**Activity**. Your answer should consist of every line in the records that holds "exists".

(Records shown begins)

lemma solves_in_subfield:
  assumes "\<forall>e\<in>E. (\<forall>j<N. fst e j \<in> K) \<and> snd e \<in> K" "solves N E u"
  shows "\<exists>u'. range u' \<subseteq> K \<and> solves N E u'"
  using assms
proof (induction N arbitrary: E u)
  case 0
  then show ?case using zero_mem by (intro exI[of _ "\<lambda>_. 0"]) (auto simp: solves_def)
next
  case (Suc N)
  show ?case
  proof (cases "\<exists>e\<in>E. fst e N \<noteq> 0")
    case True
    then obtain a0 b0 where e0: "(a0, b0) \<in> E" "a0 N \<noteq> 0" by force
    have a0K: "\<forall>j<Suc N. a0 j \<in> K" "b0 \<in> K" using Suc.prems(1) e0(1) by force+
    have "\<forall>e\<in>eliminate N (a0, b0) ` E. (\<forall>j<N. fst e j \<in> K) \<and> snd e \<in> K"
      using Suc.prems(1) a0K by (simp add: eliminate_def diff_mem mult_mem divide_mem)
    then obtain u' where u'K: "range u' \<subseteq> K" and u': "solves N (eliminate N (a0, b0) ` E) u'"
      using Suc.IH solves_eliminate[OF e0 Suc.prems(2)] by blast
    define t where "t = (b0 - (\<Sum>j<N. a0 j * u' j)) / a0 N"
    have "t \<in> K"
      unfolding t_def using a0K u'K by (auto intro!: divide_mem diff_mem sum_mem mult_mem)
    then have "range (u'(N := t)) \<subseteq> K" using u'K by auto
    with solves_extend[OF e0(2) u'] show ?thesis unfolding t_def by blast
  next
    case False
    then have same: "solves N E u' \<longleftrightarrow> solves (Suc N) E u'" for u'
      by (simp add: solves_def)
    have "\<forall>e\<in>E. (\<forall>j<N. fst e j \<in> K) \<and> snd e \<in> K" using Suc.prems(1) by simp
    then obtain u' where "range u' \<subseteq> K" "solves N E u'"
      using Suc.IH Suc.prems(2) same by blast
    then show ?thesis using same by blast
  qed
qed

(Records shown ends)

**Exercise output**.
  shows "\<exists>u'. range u' \<subseteq> K \<and> solves N E u'"
  proof (cases "\<exists>e\<in>E. fst e N \<noteq> 0")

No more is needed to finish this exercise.